::: Material for the task

lemma Jcost_le_imp_phi_dist_le_delta_r:
  assumes "Jcost s N x y Ahat \<le> Jcost s N x y A"
  shows "(1 - 2 * xi_r s N x y r) * (\<Sum>t\<in>{1..N}. \<bar>phi s N x y Ahat t - phi s N x y A t\<bar>)
    \<le> 2 * delta_r s N x y r A"
proof -
  define D where "D = {(\<Sum>t\<in>{1..N}. \<bar>phi s N x y A t - w t\<bar>) | w :: nat \<Rightarrow> real.
       card {t\<in>{1..N}. w t \<noteq> 0} \<le> r}"
  have "(\<Sum>t\<in>{1..N}. \<bar>phi s N x y A t - 0\<bar>) \<in> D"
    unfolding D_def by (intro CollectI exI[of _ "\<lambda>_. 0"]) auto
  then have "D \<noteq> {}"
    by blast
  moreover have "(1 - 2 * xi_r s N x y r) * (\<Sum>t\<in>{1..N}. \<bar>phi s N x y Ahat t - phi s N x y A t\<bar>) / 2 \<le> d"
    if "d \<in> D" for d
  proof -
    obtain w where w: "card {t\<in>{1..N}. w t \<noteq> 0} \<le> r" "d = (\<Sum>t\<in>{1..N}. \<bar>phi s N x y A t - w t\<bar>)"
      using \<open>d \<in> D\<close> unfolding D_def by blast
    have "(1 - 2 * xi_r s N x y r) * (\<Sum>t\<in>{1..N}. \<bar>phi s N x y Ahat t - phi s N x y A t\<bar>) \<le> 2 * d"
      unfolding w(2)
    proof (rule sparse_approximation_bound)
      show "(\<Sum>t\<in>{1..N}. \<bar>phi s N x y Ahat t\<bar>) \<le> (\<Sum>t\<in>{1..N}. \<bar>phi s N x y A t\<bar>)"
        using assms by (simp add: Jcost_def)
      show "(\<Sum>t\<in>{t \<in> {1..N}. w t \<noteq> 0}. \<bar>phi s N x y Ahat t - phi s N x y A t\<bar>)
          \<le> xi_r s N x y r * (\<Sum>t\<in>{1..N}. \<bar>phi s N x y Ahat t - phi s N x y A t\<bar>)"
        using w(1) by (intro sum_abs_phi_diff_le_xi_r) auto
    qed simp
    then show ?thesis
      by simp
  qed
  ultimately have "(1 - 2 * xi_r s N x y r) * (\<Sum>t\<in>{1..N}. \<bar>phi s N x y Ahat t - phi s N x y A t\<bar>) / 2
      \<le> Inf D"
    by (rule cInf_greatest)
  then show ?thesis
    unfolding delta_r_def D_def by simp
qed

section \<open>Cells and comparability\<close>

lemma card_pigeonhole_cover:
  assumes "finite A" "A \<subseteq> (\<Union>k\<in>K. B k)" "finite K" "K \<noteq> {}" "card K * m \<le> card A"
  shows "\<exists>k\<in>K. m \<le> card (A \<inter> B k)"
proof (rule ccontr)
  assume "\<not> ?thesis"
  then have small: "\<forall>k\<in>K. card (A \<inter> B k) < m"
    by auto
  have "A = (\<Union>k\<in>K. A \<inter> B k)"
    using assms(2) by blast
  then have "card A \<le> (\<Sum>k\<in>K. card (A \<inter> B k))"
    by (metis card_UN_le[OF assms(3)])
  also have "\<dots> < (\<Sum>k\<in>K. m)"
    using small assms(3,4) by (intro sum_strict_mono) auto
  finally show False
    using assms(5) by simp
qed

::::::

- How to complete this task -
All lines above from the one holding "obtain w where" to the one holding "using w(1) by", inclusive, are to be copied exactly; no other line is wanted.

- Result for this exercise -
    obtain w where w: "card {t\<in>{1..N}. w t \<noteq> 0} \<le> r" "d = (\<Sum>t\<in>{1..N}. \<bar>phi s N x y A t - w t\<bar>)"
      using \<open>d \<in> D\<close> unfolding D_def by blast
    have "(1 - 2 * xi_r s N x y r) * (\<Sum>t\<in>{1..N}. \<bar>phi s N x y Ahat t - phi s N x y A t\<bar>) \<le> 2 * d"
      unfolding w(2)
    proof (rule sparse_approximation_bound)
      show "(\<Sum>t\<in>{1..N}. \<bar>phi s N x y Ahat t\<bar>) \<le> (\<Sum>t\<in>{1..N}. \<bar>phi s N x y A t\<bar>)"
        using assms by (simp add: Jcost_def)
      show "(\<Sum>t\<in>{t \<in> {1..N}. w t \<noteq> 0}. \<bar>phi s N x y Ahat t - phi s N x y A t\<bar>)
          \<le> xi_r s N x y r * (\<Sum>t\<in>{1..N}. \<bar>phi s N x y Ahat t - phi s N x y A t\<bar>)"
        using w(1) by (intro sum_abs_phi_diff_le_xi_r) auto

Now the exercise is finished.